*Task objective*
Your response should consist of the records, reproduced exactly.

*Data for this exercise*
text \<open>Classical (C^2) solution of problem (P) on [0,T) x R.
  wt and wx are the partial derivatives w_t and w_x of w; all second-order
  partial derivatives exist and are continuous on [0,T) x R (time derivatives
  at t = 0 are one-sided), so in particular r = wt - L wx and l = wt + L wx are C^1.\<close>
definition classical_solution_P ::
  "(real \<Rightarrow> real) \<Rightarrow> real \<Rightarrow> (real \<Rightarrow> real \<Rightarrow> real)
     \<Rightarrow> (real \<Rightarrow> real \<Rightarrow> real) \<Rightarrow> (real \<Rightarrow> real \<Rightarrow> real) \<Rightarrow> bool" where
  "classical_solution_P w0 T w wt wx \<longleftrightarrow>
     (\<forall>t\<in>{0..<T}. \<forall>x.
        ((\<lambda>s. w s x) has_real_derivative wt t x) (at t within {0..<T}) \<and>
        ((\<lambda>y. w t y) has_real_derivative wx t x) (at x)) \<and>
     (\<exists>wtt wtx wxt wxx.
        (\<forall>t\<in>{0..<T}. \<forall>x.
           ((\<lambda>s. wt s x) has_real_derivative wtt t x) (at t within {0..<T}) \<and>
           ((\<lambda>y. wt t y) has_real_derivative wtx t x) (at x) \<and>
           ((\<lambda>s. wx s x) has_real_derivative wxt t x) (at t within {0..<T}) \<and>
           ((\<lambda>y. wx t y) has_real_derivative wxx t x) (at x) \<and>
           wtt t x - (Q (wx t x))\<^sup>2 * wxx t x = 0) \<and>
        continuous_on ({0..<T} \<times> UNIV) (\<lambda>(t, x). wt t x) \<and>
        continuous_on ({0..<T} \<times> UNIV) (\<lambda>(t, x). wx t x) \<and>
        continuous_on ({0..<T} \<times> UNIV) (\<lambda>(t, x). wtt t x) \<and>
        continuous_on ({0..<T} \<times> UNIV) (\<lambda>(t, x). wtx t x) \<and>
        continuous_on ({0..<T} \<times> UNIV) (\<lambda>(t, x). wxt t x) \<and>
        continuous_on ({0..<T} \<times> UNIV) (\<lambda>(t, x). wxx t x)) \<and>
     (\<forall>x. w 0 x = w0 x) \<and>
     (\<forall>x. wt 0 x = 0)"

end

theory Submission imports Defs begin

text \<open>The Riemann invariants \<open>r = w\<^sub>t - L(w\<^sub>x)\<close> and \<open>l = w\<^sub>t + L(w\<^sub>x)\<close> are transported with
  speeds \<open>\<plusminus>Q(w\<^sub>x)\<close>. On a backward cone whose slope dominates the speed, a maximum principle
  confines the value of an invariant at the apex to the range of its initial values on the base.
  The speed is itself controlled by the invariants, since \<open>\<bar>w\<^sub>x\<bar> \<le> \<bar>L(w\<^sub>x)\<bar> = \<bar>l - r\<bar>/2\<close>;
  a continuity argument in time shows that cones of slope \<open>M + 2\<close> are admissible, where \<open>M\<close>
  bounds \<open>\<bar>L(w\<^sub>0')\<bar>\<close>. Thus \<open>r(t, x)\<close> and \<open>l(t, x)\<close> depend only on the initial data within
  distance \<open>(M + 2) t\<close> of \<open>x\<close>, so they inherit the limits \<open>\<mp>L(w\<^sub>0'(\<plusminus>\<infinity>))\<close> of the initial
  invariants, and \<open>w\<^sub>t = (r + l)/2\<close>, \<open>L(w\<^sub>x) = (l - r)/2\<close> give the claim.\<close>

section \<open>The functions \<open>L\<close> and \<open>Q\<close>\<close>

lemma has_real_derivative_L: "(L has_real_derivative Q u) (at u)"
proof -
  have pos: "0 < 1 + u\<^sup>2"
    by (simp add: add_pos_nonneg)
  have der: "((\<lambda>u. (u * sqrt (1 + u\<^sup>2) + arsinh u) / 2) has_real_derivative
      (sqrt (1 + u\<^sup>2) + u * (2 * u / (2 * sqrt (1 + u\<^sup>2))) + 1 / sqrt (u\<^sup>2 + 1)) / 2) (at u)"
    using pos by (auto intro!: derivative_eq_intros simp: divide_simps)
  have eq: "(sqrt (1 + u\<^sup>2) + u * (2 * u / (2 * sqrt (1 + u\<^sup>2))) + 1 / sqrt (u\<^sup>2 + 1)) / 2
      = sqrt (1 + u\<^sup>2)"
    using pos by (simp add: field_simps power2_eq_square)
  show ?thesis
    using der unfolding eq L_def[abs_def] Q_def .
qed

lemma has_real_derivative_L_comp [derivative_intros]:
  "(g has_real_derivative g') (at x within S) \<Longrightarrow>
    ((\<lambda>x. L (g x)) has_real_derivative Q (g x) * g') (at x within S)"
  by (rule DERIV_chain2[OF has_real_derivative_L])

lemma isCont_L: "isCont L u"
  using has_real_derivative_L by (rule DERIV_isCont)

lemma Q_ge_1: "1 \<le> Q u"
  unfolding Q_def by simp

lemma Q_le_1_plus_abs: "Q u \<le> 1 + \<bar>u\<bar>"
proof -
  have "1 + u\<^sup>2 \<le> (1 + \<bar>u\<bar>)\<^sup>2"
    by (simp add: power2_eq_square algebra_simps)
  then show ?thesis
    unfolding Q_def using real_sqrt_le_mono by fastforce
qed

lemma L_diff_ge: "u \<le> v \<Longrightarrow> v - u \<le> L v - L u"
proof (cases "u = v")
  case False
  assume "u \<le> v"
  with False obtain z where "L v - L u = (v - u) * Q z"
    using MVT2[of u v L Q] has_real_derivative_L by fastforce
  with \<open>u \<le> v\<close> show ?thesis
    using Q_ge_1[of z] mult_left_mono[of 1 "Q z" "v - u"] by simp
qed simp

lemma mono_L: "u \<le> v \<Longrightarrow> L u \<le> L v"
  using L_diff_ge by fastforce

lemma abs_diff_le_abs_L_diff: "\<bar>u - v\<bar> \<le> \<bar>L u - L v\<bar>"
  using L_diff_ge[of u v] L_diff_ge[of v u] by (cases "u \<le> v") auto

lemma L_minus: "L (- u) = - L u"
  by (simp add: L_def field_simps)

lemma abs_L_le: "\<bar>u\<bar> \<le> B \<Longrightarrow> \<bar>L u\<bar> \<le> L B"
  using mono_L[of u B] mono_L[of "- B" u] by (auto simp: L_minus abs_le_iff)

*Problem solution*
text \<open>Classical (C^2) solution of problem (P) on [0,T) x R.
  wt and wx are the partial derivatives w_t and w_x of w; all second-order
  partial derivatives exist and are continuous on [0,T) x R (time derivatives
  at t = 0 are one-sided), so in particular r = wt - L wx and l = wt + L wx are C^1.\<close>
definition classical_solution_P ::
  "(real \<Rightarrow> real) \<Rightarrow> real \<Rightarrow> (real \<Rightarrow> real \<Rightarrow> real)
     \<Rightarrow> (real \<Rightarrow> real \<Rightarrow> real) \<Rightarrow> (real \<Rightarrow> real \<Rightarrow> real) \<Rightarrow> bool" where
  "classical_solution_P w0 T w wt wx \<longleftrightarrow>
     (\<forall>t\<in>{0..<T}. \<forall>x.
        ((\<lambda>s. w s x) has_real_derivative wt t x) (at t within {0..<T}) \<and>
        ((\<lambda>y. w t y) has_real_derivative wx t x) (at x)) \<and>
     (\<exists>wtt wtx wxt wxx.
        (\<forall>t\<in>{0..<T}. \<forall>x.
           ((\<lambda>s. wt s x) has_real_derivative wtt t x) (at t within {0..<T}) \<and>
           ((\<lambda>y. wt t y) has_real_derivative wtx t x) (at x) \<and>
           ((\<lambda>s. wx s x) has_real_derivative wxt t x) (at t within {0..<T}) \<and>
           ((\<lambda>y. wx t y) has_real_derivative wxx t x) (at x) \<and>
           wtt t x - (Q (wx t x))\<^sup>2 * wxx t x = 0) \<and>
        continuous_on ({0..<T} \<times> UNIV) (\<lambda>(t, x). wt t x) \<and>
        continuous_on ({0..<T} \<times> UNIV) (\<lambda>(t, x). wx t x) \<and>
        continuous_on ({0..<T} \<times> UNIV) (\<lambda>(t, x). wtt t x) \<and>
        continuous_on ({0..<T} \<times> UNIV) (\<lambda>(t, x). wtx t x) \<and>
        continuous_on ({0..<T} \<times> UNIV) (\<lambda>(t, x). wxt t x) \<and>
        continuous_on ({0..<T} \<times> UNIV) (\<lambda>(t, x). wxx t x)) \<and>
     (\<forall>x. w 0 x = w0 x) \<and>
     (\<forall>x. wt 0 x = 0)"

end

theory Submission imports Defs begin

text \<open>The Riemann invariants \<open>r = w\<^sub>t - L(w\<^sub>x)\<close> and \<open>l = w\<^sub>t + L(w\<^sub>x)\<close> are transported with
  speeds \<open>\<plusminus>Q(w\<^sub>x)\<close>. On a backward cone whose slope dominates the speed, a maximum principle
  confines the value of an invariant at the apex to the range of its initial values on the base.
  The speed is itself controlled by the invariants, since \<open>\<bar>w\<^sub>x\<bar> \<le> \<bar>L(w\<^sub>x)\<bar> = \<bar>l - r\<bar>/2\<close>;
  a continuity argument in time shows that cones of slope \<open>M + 2\<close> are admissible, where \<open>M\<close>
  bounds \<open>\<bar>L(w\<^sub>0')\<bar>\<close>. Thus \<open>r(t, x)\<close> and \<open>l(t, x)\<close> depend only on the initial data within
  distance \<open>(M + 2) t\<close> of \<open>x\<close>, so they inherit the limits \<open>\<mp>L(w\<^sub>0'(\<plusminus>\<infinity>))\<close> of the initial
  invariants, and \<open>w\<^sub>t = (r + l)/2\<close>, \<open>L(w\<^sub>x) = (l - r)/2\<close> give the claim.\<close>

section \<open>The functions \<open>L\<close> and \<open>Q\<close>\<close>

lemma has_real_derivative_L: "(L has_real_derivative Q u) (at u)"
proof -
  have pos: "0 < 1 + u\<^sup>2"
    by (simp add: add_pos_nonneg)
  have der: "((\<lambda>u. (u * sqrt (1 + u\<^sup>2) + arsinh u) / 2) has_real_derivative
      (sqrt (1 + u\<^sup>2) + u * (2 * u / (2 * sqrt (1 + u\<^sup>2))) + 1 / sqrt (u\<^sup>2 + 1)) / 2) (at u)"
    using pos by (auto intro!: derivative_eq_intros simp: divide_simps)
  have eq: "(sqrt (1 + u\<^sup>2) + u * (2 * u / (2 * sqrt (1 + u\<^sup>2))) + 1 / sqrt (u\<^sup>2 + 1)) / 2
      = sqrt (1 + u\<^sup>2)"
    using pos by (simp add: field_simps power2_eq_square)
  show ?thesis
    using der unfolding eq L_def[abs_def] Q_def .
qed

lemma has_real_derivative_L_comp [derivative_intros]:
  "(g has_real_derivative g') (at x within S) \<Longrightarrow>
    ((\<lambda>x. L (g x)) has_real_derivative Q (g x) * g') (at x within S)"
  by (rule DERIV_chain2[OF has_real_derivative_L])

lemma isCont_L: "isCont L u"
  using has_real_derivative_L by (rule DERIV_isCont)

lemma Q_ge_1: "1 \<le> Q u"
  unfolding Q_def by simp

lemma Q_le_1_plus_abs: "Q u \<le> 1 + \<bar>u\<bar>"
proof -
  have "1 + u\<^sup>2 \<le> (1 + \<bar>u\<bar>)\<^sup>2"
    by (simp add: power2_eq_square algebra_simps)
  then show ?thesis
    unfolding Q_def using real_sqrt_le_mono by fastforce
qed

lemma L_diff_ge: "u \<le> v \<Longrightarrow> v - u \<le> L v - L u"
proof (cases "u = v")
  case False
  assume "u \<le> v"
  with False obtain z where "L v - L u = (v - u) * Q z"
    using MVT2[of u v L Q] has_real_derivative_L by fastforce
  with \<open>u \<le> v\<close> show ?thesis
    using Q_ge_1[of z] mult_left_mono[of 1 "Q z" "v - u"] by simp
qed simp

lemma mono_L: "u \<le> v \<Longrightarrow> L u \<le> L v"
  using L_diff_ge by fastforce

lemma abs_diff_le_abs_L_diff: "\<bar>u - v\<bar> \<le> \<bar>L u - L v\<bar>"
  using L_diff_ge[of u v] L_diff_ge[of v u] by (cases "u \<le> v") auto

lemma L_minus: "L (- u) = - L u"
  by (simp add: L_def field_simps)

lemma abs_L_le: "\<bar>u\<bar> \<le> B \<Longrightarrow> \<bar>L u\<bar> \<le> L B"
  using mono_L[of u B] mono_L[of "- B" u] by (auto simp: L_minus abs_le_iff)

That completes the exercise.